Lyric discussion by almazza 

I once know one "delicate " man. He was so sweet and kind to me, and said that he loved everything about me, that I am differant for him. But I rejected his love... Why? I do not know exatcly. I just felt that I don't love him that much. He was one of best friends of mine, I trusted him alot. But he started to make dirty games and said that I am just too lonely, ambitious and don't know anything about love and relationships. That I am just too broke and I need to open my soul for love. After a week he slept with his new girlfriend, he tell me everything about his feelings about this girl. You see, I felt like a criminal. Many girls could only dream about this guy. He was so sensitive, delicate, understanding. All of my friends were against me. All of collage rumored about me that I secretly adore him and that I'm just too shy. Everybody said that I love him but just don't understanding that. He kissed his girlfriend in front of me, and tell me how expensive gifts he bought her.

And I was alone. I couldn't feel anything only disappointment about myself. I couldn't love him and couldn't love myself. I felt guilty about what I've done. I started to hate him, because of his two-faced behavior. He smiled in my eyes, but he told me that I will be unhappy and lonely un my life, that I cannot study medicine.

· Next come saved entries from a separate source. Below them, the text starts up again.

lemma count_diff_mod_nonzero:
  fixes A B :: "'a multiset" and q :: int
  assumes "A \<noteq> B" and "int (size A) < q" and "int (size B) < q"
  shows "\<exists>v. v \<in># A + B \<and> (int (count A v) - int (count B v)) mod q \<noteq> 0"
proof -
  obtain v where v: "count A v \<noteq> count B v" using assms(1) by (auto simp: multiset_eq_iff)
  define d where "d = int (count A v) - int (count B v)"
  have "v \<in># A + B" using v by (simp flip: count_greater_zero_iff) linarith
  moreover have "d mod q \<noteq> 0"
  proof
    assume "d mod q = 0"
    then have "q dvd \<bar>d\<bar>" by auto
    moreover have "d \<noteq> 0" using v unfolding d_def by simp
    ultimately have "q \<le> \<bar>d\<bar>" by (intro zdvd_imp_le) auto
    moreover have "\<bar>d\<bar> < q"
      using count_le_size[of A v] count_le_size[of B v] assms(2,3) unfolding d_def by linarith
    ultimately show False by simp
  qed
  ultimately show ?thesis unfolding d_def by blast
qed

definition power_sum :: "nat multiset \<Rightarrow> int \<Rightarrow> int" where
  "power_sum M z = (\<Sum>v\<in>#M. z ^ v)"

lemma power_sum_add [simp]: "power_sum (M + N) z = power_sum M z + power_sum N z"
  by (simp add: power_sum_def)

lemma power_sum_eq_poly:
  assumes "set_mset M \<subseteq> {..<K}"
  shows "power_sum M z = (\<Sum>v<K. int (count M v) * z ^ v)"
  using assms
proof (induction M)
  case (add x M)
  then have "x < K" by simp
  have "(\<Sum>v<K. int (count (add_mset x M) v) * z ^ v)
      = (\<Sum>v<K. int (count M v) * z ^ v + (if v = x then z ^ v else 0))"
    by (intro sum.cong) (auto simp: algebra_simps)
  also have "\<dots> = (\<Sum>v<K. int (count M v) * z ^ v) + z ^ x"
    using \<open>x < K\<close> by (simp add: sum.distrib)
  finally show ?case using add by (simp add: power_sum_def)
qed (simp add: power_sum_def)
lemma odd_dyadic_between:
  fixes a b :: real
  assumes "0 \<le> a" "b \<le> 1" "3 < 2 ^ N * (b - a)"
  obtains r :: int where "odd r" "0 < r" "r < 2 ^ N" "a < of_int r / 2 ^ N" "of_int r / 2 ^ N < b"
proof -
  define s where "s = \<lfloor>a * 2 ^ N / 2\<rfloor>"
  have s: "of_int s \<le> a * 2 ^ N / 2" "a * 2 ^ N / 2 < of_int s + 1" "s \<ge> 0"
    unfolding s_def using assms(1) by (linarith, linarith, simp)
  \<comment> \<open>the odd numerator 2s + 3 exceeds a 2^N by at most 3, less than the length of (a 2^N, b 2^N)\<close>
  have lower: "a * 2 ^ N < of_int (2 * s + 3)" and upper: "of_int (2 * s + 3) < b * 2 ^ N"
    using s assms(3) by (simp_all add: algebra_simps)
  have "b * 2 ^ N \<le> 1 * (2::real) ^ N"
    using assms(2) by (intro mult_right_mono) simp_all
  with upper have "real_of_int (2 * s + 3) < 2 ^ N"
    by linarith
  then have "2 * s + 3 < 2 ^ N"
    by (metis of_int_less_iff of_int_numeral of_int_power)
  moreover have "a < of_int (2 * s + 3) / 2 ^ N" "of_int (2 * s + 3) / 2 ^ N < b"
    using lower upper by (simp_all add: pos_less_divide_eq pos_divide_less_eq)
  ultimately show thesis
    using that[of "2 * s + 3"] s(3) by simp
qed

lemma openin_unit_interval_contains_interval:
  assumes "openin (top_of_set {0..1}) U" "U \<noteq> {}"
  obtains a b :: real where "0 \<le> a" "a < b" "b \<le> 1" "{a<..<b} \<subseteq> U"
proof -
  obtain u where "u \<in> U"
    using assms(2) by blast
  with assms(1) obtain e where e: "e > 0" "\<And>x. x \<in> {0..1} \<Longrightarrow> dist x u < e \<Longrightarrow> x \<in> U"
    and "u \<in> {0..1}"
    unfolding openin_euclidean_subtopology_iff by blast
  then show thesis
    using that[of "max 0 (u - e)" "min 1 (u + e)"] by (force simp: dist_real_def)
qed

lemma dyadic_rotation_touhey: "touhey (top_of_set {0..1}) dyadic_rotation"
  unfolding touhey_def
proof (intro allI impI)
  fix U V :: "real set"
  assume "openin (top_of_set {0..1}) U" "openin (top_of_set {0..1}) V" "U \<noteq> {}" "V \<noteq> {}"
  then obtain a b a' b' where ab: "0 \<le> a" "a < b" "b \<le> 1" "{a<..<b} \<subseteq> U"
    and ab': "0 \<le> a'" "a' < b'" "b' \<le> 1" "{a'<..<b'} \<subseteq> V"
    by (metis openin_unit_interval_contains_interval)
  obtain N where N: "3 / (b - a) + 3 / (b' - a') < (2::real) ^ N"
    using real_arch_pow[of 2] by auto
  have "3 / (b - a) < 2 ^ N" "3 / (b' - a') < 2 ^ N"
    using N ab(2) ab'(2) by (smt (verit) divide_pos_pos)+
  then have "3 < 2 ^ N * (b - a)" "3 < 2 ^ N * (b' - a')"
    using ab(2) ab'(2) by (simp_all add: divide_less_eq)
  then obtain r s where r: "odd r" "0 < r" "r < 2 ^ N" "of_int r / 2 ^ N \<in> {a<..<b}"
    and s: "odd s" "0 < s" "s < 2 ^ N" "of_int s / 2 ^ N \<in> {a'<..<b'}"
    using odd_dyadic_between ab ab' by (metis greaterThanLessThan_iff)
  obtain k where "(dyadic_rotation ^^ k) (of_int r / 2 ^ N) = of_int s / 2 ^ N"
    using dyadic_rotation_reaches[OF r(1-3) s(1-3)] .
  then show "\<exists>z\<in>U. (\<exists>m\<ge>1. (dyadic_rotation ^^ m) z = z) \<and> (\<exists>k. (dyadic_rotation ^^ k) z \<in> V)"
    using dyadic_rotation_periodic[OF r(1-3)] r(4) s(4) ab(4) ab'(4)
    by (intro bexI[of _ "of_int r / 2 ^ N"] conjI exI[of _ "2 ^ N"] exI[of _ k]) auto
qed

definition two_intervals :: "real set" where
  "two_intervals = {0..1} \<union> {2..3}"

definition swap_rotation :: "real \<Rightarrow> real" where
  "swap_rotation x = (if x \<le> 1 then x + 2 else dyadic_rotation (x - 2))"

After 5 months I have heard that he have called me crazy bit**, that I just need to be f***ed hardly because I just need a man, in front of other guys who loved me. Everything was a lie. He was just a A-hole.

So I exactly understand what Fiona sang in this song - woman always will be guilty one. She can sleep with other guys or reject one delicate man- it doesn't matter. She is always the slut. She just wants to be herself, but society makes her think that it can't be correct. She have to kill these evil deeds because she is nothing without her man. Everyone will call her stupid slut, that she is heartless and without soul. Even when she's the victim.

@almazza honey that boy just is too delicate. you deserve so much better.